Clark County residents who sued township officials over how a former school in the Ohio River community of Utica was being used will get to plead their case, the Indiana Court of Appeals ruled Monday, reversing a trial court order for the township.

The Court of Appeals said the case also points to a need for the General Assembly to address the disposition of old school buildings.

Plaintiffs sued officials of Utica Township because they said the former school wasn’t being used for recreation or park purposes as required by statute. The township had leased the building to a nonprofit that plaintiffs argued intended to use the school as “temporary housing or a halfway house for criminal offenders.”

Special Judge Glenn G. Hancock granted summary judgment for the township defendants in Clark Circuit Court, finding that plaintiffs lacked standing. The Court of Appeals panel  found otherwise.

“(W)e conclude that the Citizens, and others residents of the township, have an interest in the proper administration of the School for park and recreation purposes. It is apparent that a public right, the enjoyment of the School for park and recreation purposes, is at issue because the statutory language in Indiana Code section 20-23-6-9(d) states that the school property is to be offered to the township as a gift for park and recreation purposes and that the deed shall state that the township is required to use the property for park and recreation purposes,” Judge James Kirsch wrote for the panel.

“We, therefore, conclude that the Citizens have standing to proceed with their claim under the public standing doctrine.” The matter was remanded for proceedings on the claim.

Judge Mark Bailey concurred as did Judge Ezra Friedlander, who wrote separately to stress the majority view that statutes offer no guidance for what to do with former schools that no longer can feasibly be used for park or recreational purposes.

“This case illustrates that the statutes enacted by our legislature fail to address certain situations and circumstances that might arise when disposing of school buildings.

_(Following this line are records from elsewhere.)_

lemma eval_closed:
  assumes "is_logic ar V D F" and "range v \<subseteq> V" and "wf ar B"
  shows "eval F v B \<in> V"
  using assms(3)
proof (induction B)
  case (Var n)
  then show ?case using assms(2) by auto
next
  case (Op c args)
  then have "length (map (eval F v) args) = ar c" "set (map (eval F v) args) \<subseteq> V"
    by auto
  then show ?case using assms(1) by (simp add: is_logic_def)
qed

lemma taut_singleton_logic: "wf ar B \<Longrightarrow> taut ar {x} {x} (\<lambda>_ _. x) B"
  using eval_closed[of ar "{x}" "{x}" "\<lambda>_ _. x"] by (auto simp: taut_def is_logic_def)

definition is_logic_hom ::
    "('c \<Rightarrow> nat) \<Rightarrow> 'a set \<Rightarrow> ('c \<Rightarrow> 'a list \<Rightarrow> 'a) \<Rightarrow> 'b set \<Rightarrow> ('c \<Rightarrow> 'b list \<Rightarrow> 'b)
      \<Rightarrow> ('a \<Rightarrow> 'b) \<Rightarrow> bool" where
  "is_logic_hom ar V F V' F' h \<longleftrightarrow> h ` V \<subseteq> V' \<and>
     (\<forall>c xs. length xs = ar c \<and> set xs \<subseteq> V \<longrightarrow> h (F c xs) = F' c (map h xs))"

lemma eval_hom:
  assumes L: "is_logic ar V D F" and h: "is_logic_hom ar V F V' F' h"
    and w: "range w \<subseteq> V" and "wf ar B"
  shows "h (eval F w B) = eval F' (h \<circ> w) B"
  using \<open>wf ar B\<close>
proof (induction B)
  case (Op c args)
  have "length (map (eval F w) args) = ar c" "set (map (eval F w) args) \<subseteq> V"
    using Op.prems eval_closed[OF L w] by auto
  then have "h (eval F w (Op c args)) = F' c (map h (map (eval F w) args))"
    using h by (simp add: is_logic_hom_def)
  also have "map h (map (eval F w) args) = map (eval F' (h \<circ> w)) args"
    using Op by (simp add: comp_def)
  finally show ?case by (simp add: comp_def)
qed simp

lemma taut_hom_onto:
  assumes L: "is_logic ar V D F" and h: "is_logic_hom ar V F V' F' h"
    and onto: "h ` V = V'" and des: "h ` D \<subseteq> D'"
    and taut: "taut ar V D F B"
  shows "taut ar V' D' F' B"
  unfolding taut_def
proof (intro conjI allI impI)
  show wf: "wf ar B" using taut by (simp add: taut_def)
  fix u :: "nat \<Rightarrow> _" assume u: "range u \<subseteq> V'"
  define w where "w = inv_into V h \<circ> u"
  have w: "range w \<subseteq> V"
    using u onto by (auto simp: w_def inv_into_into)
  have hw: "h \<circ> w = u"
    using u onto by (metis w_def comp_apply f_inv_into_f fun_eq_iff range_subsetD)
  have "eval F w B \<in> D" using taut w by (simp add: taut_def)
  then show "eval F' u B \<in> D'"
    using eval_hom[OF L h w wf] hw des by auto
qed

Although it is not relevant to our holding in the present case, I agree with my colleagues that these gaps merit the General Assembly’s attention,” Friedlander wrote. “Subject to these comments, I fully concur in the lead opinion.”

The case is Old Utica School Preservation, Inc., Kenneth Morrison, Scott Sandefur, and Pamela Sandefur v. Utica Township, John Durbin, Utica Township Trustee, Jacobs Well, Inc., Kevin Williar, John Posey, et al., 10A05-1308-PL-388.